Repeat, please, only the lines from the top of the data down to the line with "Min D \<longleftrightarrow>"; include both of those lines.

────────

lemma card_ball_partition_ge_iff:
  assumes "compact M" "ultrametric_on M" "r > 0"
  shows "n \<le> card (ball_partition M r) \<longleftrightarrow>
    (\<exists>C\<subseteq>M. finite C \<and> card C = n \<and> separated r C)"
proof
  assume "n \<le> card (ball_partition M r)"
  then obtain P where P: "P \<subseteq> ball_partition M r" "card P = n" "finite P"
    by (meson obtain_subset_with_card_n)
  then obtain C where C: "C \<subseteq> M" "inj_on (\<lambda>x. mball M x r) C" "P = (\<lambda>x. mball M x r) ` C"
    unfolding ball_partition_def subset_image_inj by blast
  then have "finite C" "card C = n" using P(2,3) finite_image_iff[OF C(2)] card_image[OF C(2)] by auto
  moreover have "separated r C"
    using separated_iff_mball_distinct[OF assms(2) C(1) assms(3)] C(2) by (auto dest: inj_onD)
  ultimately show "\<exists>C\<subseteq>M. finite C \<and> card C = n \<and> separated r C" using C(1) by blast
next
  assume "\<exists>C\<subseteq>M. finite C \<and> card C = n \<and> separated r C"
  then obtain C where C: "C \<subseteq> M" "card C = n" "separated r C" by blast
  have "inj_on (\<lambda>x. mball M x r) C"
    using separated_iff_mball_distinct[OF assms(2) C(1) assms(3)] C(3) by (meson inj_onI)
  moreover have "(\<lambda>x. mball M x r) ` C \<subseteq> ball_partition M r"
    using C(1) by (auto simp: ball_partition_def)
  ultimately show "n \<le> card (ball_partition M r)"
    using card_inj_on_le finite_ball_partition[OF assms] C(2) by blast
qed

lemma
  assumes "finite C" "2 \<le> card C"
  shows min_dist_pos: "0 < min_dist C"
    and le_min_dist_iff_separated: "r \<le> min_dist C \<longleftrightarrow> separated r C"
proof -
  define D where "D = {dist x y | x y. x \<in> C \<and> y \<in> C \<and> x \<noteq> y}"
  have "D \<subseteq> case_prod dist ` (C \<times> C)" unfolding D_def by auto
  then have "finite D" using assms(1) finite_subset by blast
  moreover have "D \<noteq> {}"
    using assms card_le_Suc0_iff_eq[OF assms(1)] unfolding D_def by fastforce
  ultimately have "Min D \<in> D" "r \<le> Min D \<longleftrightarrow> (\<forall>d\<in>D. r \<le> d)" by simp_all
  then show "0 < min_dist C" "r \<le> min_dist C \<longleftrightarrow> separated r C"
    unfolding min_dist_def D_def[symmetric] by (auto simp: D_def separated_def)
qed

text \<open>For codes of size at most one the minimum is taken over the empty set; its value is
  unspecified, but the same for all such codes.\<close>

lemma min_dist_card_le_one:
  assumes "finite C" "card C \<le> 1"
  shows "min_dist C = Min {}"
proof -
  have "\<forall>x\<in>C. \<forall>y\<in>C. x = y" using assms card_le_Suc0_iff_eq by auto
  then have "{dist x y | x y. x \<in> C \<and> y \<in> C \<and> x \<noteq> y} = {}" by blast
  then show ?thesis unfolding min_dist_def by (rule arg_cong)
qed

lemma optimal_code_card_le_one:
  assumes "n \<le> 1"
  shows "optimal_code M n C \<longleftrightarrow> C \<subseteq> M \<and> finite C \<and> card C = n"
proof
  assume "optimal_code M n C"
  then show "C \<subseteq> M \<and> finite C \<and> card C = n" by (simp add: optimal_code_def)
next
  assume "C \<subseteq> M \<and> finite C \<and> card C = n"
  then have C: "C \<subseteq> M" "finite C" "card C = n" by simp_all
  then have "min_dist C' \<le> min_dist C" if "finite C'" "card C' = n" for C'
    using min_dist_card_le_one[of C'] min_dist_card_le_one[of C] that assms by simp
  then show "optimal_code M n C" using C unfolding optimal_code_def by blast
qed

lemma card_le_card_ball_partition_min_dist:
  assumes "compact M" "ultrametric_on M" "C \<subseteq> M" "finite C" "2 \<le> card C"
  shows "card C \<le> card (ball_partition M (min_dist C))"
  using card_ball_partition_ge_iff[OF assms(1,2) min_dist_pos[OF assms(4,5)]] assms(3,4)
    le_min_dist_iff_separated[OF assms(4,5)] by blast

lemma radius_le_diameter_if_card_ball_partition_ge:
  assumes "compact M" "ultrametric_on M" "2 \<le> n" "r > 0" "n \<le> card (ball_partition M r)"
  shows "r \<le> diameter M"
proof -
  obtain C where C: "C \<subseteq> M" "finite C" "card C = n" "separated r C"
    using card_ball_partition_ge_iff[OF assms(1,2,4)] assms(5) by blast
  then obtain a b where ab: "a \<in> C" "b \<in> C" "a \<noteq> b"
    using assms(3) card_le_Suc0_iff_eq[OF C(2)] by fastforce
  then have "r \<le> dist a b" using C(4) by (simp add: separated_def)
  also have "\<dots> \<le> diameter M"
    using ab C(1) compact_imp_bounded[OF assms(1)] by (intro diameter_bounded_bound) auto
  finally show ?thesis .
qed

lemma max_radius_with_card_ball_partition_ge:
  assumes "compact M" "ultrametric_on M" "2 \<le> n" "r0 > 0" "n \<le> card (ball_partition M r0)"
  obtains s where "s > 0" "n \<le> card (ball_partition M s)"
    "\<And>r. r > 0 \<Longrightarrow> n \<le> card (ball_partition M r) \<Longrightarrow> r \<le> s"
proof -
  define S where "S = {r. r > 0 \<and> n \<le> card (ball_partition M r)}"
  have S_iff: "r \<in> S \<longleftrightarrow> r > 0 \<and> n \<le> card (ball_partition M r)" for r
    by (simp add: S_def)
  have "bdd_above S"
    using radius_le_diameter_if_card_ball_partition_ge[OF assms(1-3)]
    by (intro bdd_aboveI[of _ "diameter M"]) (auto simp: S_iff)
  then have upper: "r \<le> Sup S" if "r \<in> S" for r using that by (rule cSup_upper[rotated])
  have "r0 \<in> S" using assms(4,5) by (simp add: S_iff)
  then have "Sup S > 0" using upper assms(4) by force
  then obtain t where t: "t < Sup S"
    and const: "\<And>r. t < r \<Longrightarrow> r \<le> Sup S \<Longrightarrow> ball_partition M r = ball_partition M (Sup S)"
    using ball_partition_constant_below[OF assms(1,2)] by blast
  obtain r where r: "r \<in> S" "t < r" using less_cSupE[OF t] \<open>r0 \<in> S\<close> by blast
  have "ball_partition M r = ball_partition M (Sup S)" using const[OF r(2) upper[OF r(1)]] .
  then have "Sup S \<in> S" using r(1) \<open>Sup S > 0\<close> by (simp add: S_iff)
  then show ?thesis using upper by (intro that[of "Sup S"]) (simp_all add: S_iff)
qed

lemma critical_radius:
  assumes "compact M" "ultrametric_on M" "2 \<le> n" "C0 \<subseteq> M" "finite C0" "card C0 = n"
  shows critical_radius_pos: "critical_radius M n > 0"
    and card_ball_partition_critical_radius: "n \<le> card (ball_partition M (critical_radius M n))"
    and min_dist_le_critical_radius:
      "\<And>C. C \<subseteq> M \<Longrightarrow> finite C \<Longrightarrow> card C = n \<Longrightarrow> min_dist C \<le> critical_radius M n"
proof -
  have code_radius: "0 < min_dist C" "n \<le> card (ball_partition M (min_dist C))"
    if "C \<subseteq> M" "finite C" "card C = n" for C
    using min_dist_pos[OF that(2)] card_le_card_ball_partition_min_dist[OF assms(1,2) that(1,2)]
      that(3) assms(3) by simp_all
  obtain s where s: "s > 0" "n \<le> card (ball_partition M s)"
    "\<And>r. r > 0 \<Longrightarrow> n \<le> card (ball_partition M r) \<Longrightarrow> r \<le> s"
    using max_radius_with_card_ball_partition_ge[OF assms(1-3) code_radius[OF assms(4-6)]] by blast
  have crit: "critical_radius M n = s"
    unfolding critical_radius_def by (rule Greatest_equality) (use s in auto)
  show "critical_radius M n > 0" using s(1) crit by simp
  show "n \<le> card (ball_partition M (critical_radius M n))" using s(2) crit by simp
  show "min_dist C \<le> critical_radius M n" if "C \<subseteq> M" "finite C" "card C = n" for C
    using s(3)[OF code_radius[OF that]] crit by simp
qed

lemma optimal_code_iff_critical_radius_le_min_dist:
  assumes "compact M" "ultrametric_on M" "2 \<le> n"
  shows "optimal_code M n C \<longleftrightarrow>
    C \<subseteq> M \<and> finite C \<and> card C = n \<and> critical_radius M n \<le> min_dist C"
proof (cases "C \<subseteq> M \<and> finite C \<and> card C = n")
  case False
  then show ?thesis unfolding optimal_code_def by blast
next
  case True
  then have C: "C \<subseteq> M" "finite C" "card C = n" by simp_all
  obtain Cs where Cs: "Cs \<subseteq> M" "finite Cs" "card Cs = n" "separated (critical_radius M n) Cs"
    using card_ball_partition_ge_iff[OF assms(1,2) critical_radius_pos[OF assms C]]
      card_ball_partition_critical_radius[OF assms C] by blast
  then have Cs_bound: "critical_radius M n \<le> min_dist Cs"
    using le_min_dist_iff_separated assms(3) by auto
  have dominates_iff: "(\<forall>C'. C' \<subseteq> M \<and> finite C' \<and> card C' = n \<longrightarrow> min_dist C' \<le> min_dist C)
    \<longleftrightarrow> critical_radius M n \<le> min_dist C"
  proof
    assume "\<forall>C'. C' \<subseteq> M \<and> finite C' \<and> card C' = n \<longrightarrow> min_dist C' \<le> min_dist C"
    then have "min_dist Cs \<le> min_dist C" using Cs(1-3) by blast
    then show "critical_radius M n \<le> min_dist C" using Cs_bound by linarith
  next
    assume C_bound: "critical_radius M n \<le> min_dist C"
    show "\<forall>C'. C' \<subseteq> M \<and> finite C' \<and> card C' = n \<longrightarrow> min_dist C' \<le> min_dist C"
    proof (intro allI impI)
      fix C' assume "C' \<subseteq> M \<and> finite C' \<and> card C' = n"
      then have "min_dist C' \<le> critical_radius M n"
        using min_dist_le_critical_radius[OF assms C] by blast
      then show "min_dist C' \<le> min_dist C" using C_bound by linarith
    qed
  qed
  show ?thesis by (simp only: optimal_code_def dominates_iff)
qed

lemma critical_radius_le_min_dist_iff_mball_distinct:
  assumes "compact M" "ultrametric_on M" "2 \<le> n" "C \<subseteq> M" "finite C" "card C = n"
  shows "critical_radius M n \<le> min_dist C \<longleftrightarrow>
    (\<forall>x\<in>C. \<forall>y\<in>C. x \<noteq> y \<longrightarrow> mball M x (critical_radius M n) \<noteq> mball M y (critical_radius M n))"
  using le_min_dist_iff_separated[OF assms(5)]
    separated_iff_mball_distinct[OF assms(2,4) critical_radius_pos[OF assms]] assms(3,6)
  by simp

────────

### SOLUTION FOR THIS EXERCISE
lemma card_ball_partition_ge_iff:
  assumes "compact M" "ultrametric_on M" "r > 0"
  shows "n \<le> card (ball_partition M r) \<longleftrightarrow>
    (\<exists>C\<subseteq>M. finite C \<and> card C = n \<and> separated r C)"
proof
  assume "n \<le> card (ball_partition M r)"
  then obtain P where P: "P \<subseteq> ball_partition M r" "card P = n" "finite P"
    by (meson obtain_subset_with_card_n)
  then obtain C where C: "C \<subseteq> M" "inj_on (\<lambda>x. mball M x r) C" "P = (\<lambda>x. mball M x r) ` C"
    unfolding ball_partition_def subset_image_inj by blast
  then have "finite C" "card C = n" using P(2,3) finite_image_iff[OF C(2)] card_image[OF C(2)] by auto
  moreover have "separated r C"
    using separated_iff_mball_distinct[OF assms(2) C(1) assms(3)] C(2) by (auto dest: inj_onD)
  ultimately show "\<exists>C\<subseteq>M. finite C \<and> card C = n \<and> separated r C" using C(1) by blast
next
  assume "\<exists>C\<subseteq>M. finite C \<and> card C = n \<and> separated r C"
  then obtain C where C: "C \<subseteq> M" "card C = n" "separated r C" by blast
  have "inj_on (\<lambda>x. mball M x r) C"
    using separated_iff_mball_distinct[OF assms(2) C(1) assms(3)] C(3) by (meson inj_onI)
  moreover have "(\<lambda>x. mball M x r) ` C \<subseteq> ball_partition M r"
    using C(1) by (auto simp: ball_partition_def)
  ultimately show "n \<le> card (ball_partition M r)"
    using card_inj_on_le finite_ball_partition[OF assms] C(2) by blast
qed

lemma
  assumes "finite C" "2 \<le> card C"
  shows min_dist_pos: "0 < min_dist C"
    and le_min_dist_iff_separated: "r \<le> min_dist C \<longleftrightarrow> separated r C"
proof -
  define D where "D = {dist x y | x y. x \<in> C \<and> y \<in> C \<and> x \<noteq> y}"
  have "D \<subseteq> case_prod dist ` (C \<times> C)" unfolding D_def by auto
  then have "finite D" using assms(1) finite_subset by blast
  moreover have "D \<noteq> {}"
    using assms card_le_Suc0_iff_eq[OF assms(1)] unfolding D_def by fastforce
  ultimately have "Min D \<in> D" "r \<le> Min D \<longleftrightarrow> (\<forall>d\<in>D. r \<le> d)" by simp_all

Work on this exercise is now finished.